False: although property is the most common, borrowing can be secured on a range of assets.

17
Q

Barbara, aged 70, has heard she can use her property to provide some extra cash as and when she needs it. She would like to leave as much of the property’s value to her two children as possible. Which arrangement would best satisfy her needs?

a) A home reversion plan.

b) A drawdown lifetime mortgage.

c) A home income plan.

d) A lifetime mortgage.

A

b) A drawdown lifetime mortgage.

As Barbara doesn’t need a large lump sum immediately, a plan that would allow her to take money in stages would be best. A drawdown lifetime mortgage would allow her to do this, and as interest is only charged on the money withdrawn, the roll-up would be much lower than if she had taken a large initial lump sum from a standard lifetime mortgage. The slower roll-up of interest would mean more equity when the plan ended and so more left for her children. A home reversion plan would involve her selling all or part of the property to a provider, which could mean nothing would be left for the children.

18
Q

Which of the following is incorrect for a discounted-rate mortgage?

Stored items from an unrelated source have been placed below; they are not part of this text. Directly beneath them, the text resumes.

lemma C1_joint_partial_derivative:
  fixes f :: "'a::euclidean_space \<Rightarrow> 'b::euclidean_space \<Rightarrow> 'a"
  assumes "C1_joint f"
  obtains D :: "'a \<times> 'b \<Rightarrow> 'a \<Rightarrow>\<^sub>L 'a" where
    "\<And>x p. ((\<lambda>y. f y p) has_derivative blinfun_apply (D (x, p))) (at x)"
    "\<And>x p. Dx f x p = blinfun_apply (D (x, p))"
    "continuous_on UNIV D"
    "continuous_on UNIV (\<lambda>(x, p). f x p)"
proof -
  obtain J :: "'a \<times> 'b \<Rightarrow> ('a \<times> 'b) \<Rightarrow>\<^sub>L 'a" where
    J: "\<And>z. ((\<lambda>(x, p). f x p) has_derivative blinfun_apply (J z)) (at z)"
    and cont: "continuous_on UNIV J"
    using assms unfolding C1_joint_def by blast
  define E :: "'a \<Rightarrow>\<^sub>L ('a \<times> 'b)" where "E = Blinfun (\<lambda>h. (h, 0))"
  have E: "blinfun_apply E = (\<lambda>h. (h, 0))"
    unfolding E_def by (intro bounded_linear_Blinfun_apply bounded_linear_Pair bounded_linear_ident
      bounded_linear_zero)
  define D where "D z = J z o\<^sub>L E" for z
  have der: "((\<lambda>y. f y p) has_derivative blinfun_apply (D (x, p))) (at x)" for x p
  proof -
    have "((\<lambda>y. (y, p)) has_derivative (\<lambda>h. (h, 0))) (at x)"
      by (auto intro!: derivative_eq_intros)
    moreover have "blinfun_apply (D (x, p)) = (\<lambda>h. J (x, p) (h, 0))"
      by (rule ext) (simp add: D_def E)
    ultimately show ?thesis
      using has_derivative_compose[OF _ J] by fastforce
  qed
  show thesis
  proof
    show "Dx f x p = blinfun_apply (D (x, p))" for x p
      unfolding Dx_def by (rule frechet_derivative_at[OF der, symmetric])
    show "continuous_on UNIV D" unfolding D_def
      by (intro bounded_bilinear.continuous_on[OF bounded_bilinear_blinfun_compose] cont
        continuous_on_const)
    show "continuous_on UNIV (\<lambda>(x, p). f x p)"
      by (intro continuous_at_imp_continuous_on ballI has_derivative_continuous[OF J])
  qed (fact der)
qed

lemma id_minus_blinfun_bounded_below:
  fixes A :: "'a::euclidean_space \<Rightarrow>\<^sub>L 'a"
  assumes no_fixed: "\<And>v. A v = v \<Longrightarrow> v = 0"
  obtains m where "m > 0" "\<And>v. m * norm v \<le> norm (v - A v)"
proof -
  have "linear (\<lambda>v. v - A v)"
    by (intro bounded_linear.linear bounded_linear_sub bounded_linear_ident
      blinfun.bounded_linear_right)
  moreover have "inj (\<lambda>v. v - A v)"
  proof (rule injI)
    fix u v assume "u - A u = v - A v"
    then have "A (u - v) = u - v" by (simp add: blinfun.diff_right algebra_simps)
    then show "u = v" using no_fixed by fastforce
  qed
  ultimately show thesis using linear_inj_bounded_below_pos that by blast
qed

lemma fixed_point_displacement_bound:
  fixes g A :: "'a::real_normed_vector \<Rightarrow> 'a"
  assumes m: "m > 0" "\<And>v. m * norm v \<le> norm (v - A v)"
    and lin: "norm (g (x0 + v) - g x0 - A v) \<le> m / 2 * norm v"
    and fixed: "g (x0 + v) = x0 + v"
  shows "norm v \<le> 2 / m * norm (g x0 - x0)"
proof -
  have "v - A v = (g (x0 + v) - g x0 - A v) + (g x0 - x0)"
    using fixed by (simp add: algebra_simps)
  then have "norm (v - A v) \<le> norm (g (x0 + v) - g x0 - A v) + norm (g x0 - x0)"
    by (metis norm_triangle_ineq)
  with lin m(2)[of v] have "m / 2 * norm v \<le> norm (g x0 - x0)"
    by linarith
  then show ?thesis using m(1) by (simp add: field_simps)
qed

a) There is usually a penalty if the loan is repaid before a specified date.

b) The discount is from the lender’s standard variable rate.

c) The payable rate is directly linked to the Bank of England base rate.

d) The monthly mortgage payment can vary.

A

c) The payable rate is directly linked to the Bank of England base rate.

19
Q

Which of the following is true in relation to mortgages?

a. A remortgage is a loan secured on only a second property.

b. A remortgage is an additional loan from a lender that is different to the one that holds the original mortgage.

c. A second mortgage is an additional secured loan from a lender that is different to the one that holds the original mortgage.

d. A second mortgage results in additional funds being borrowed from the lender that holds the original mortgage.

A

c. A second mortgage is an additional secured loan from a lender that is different to the one that holds the original mortgage.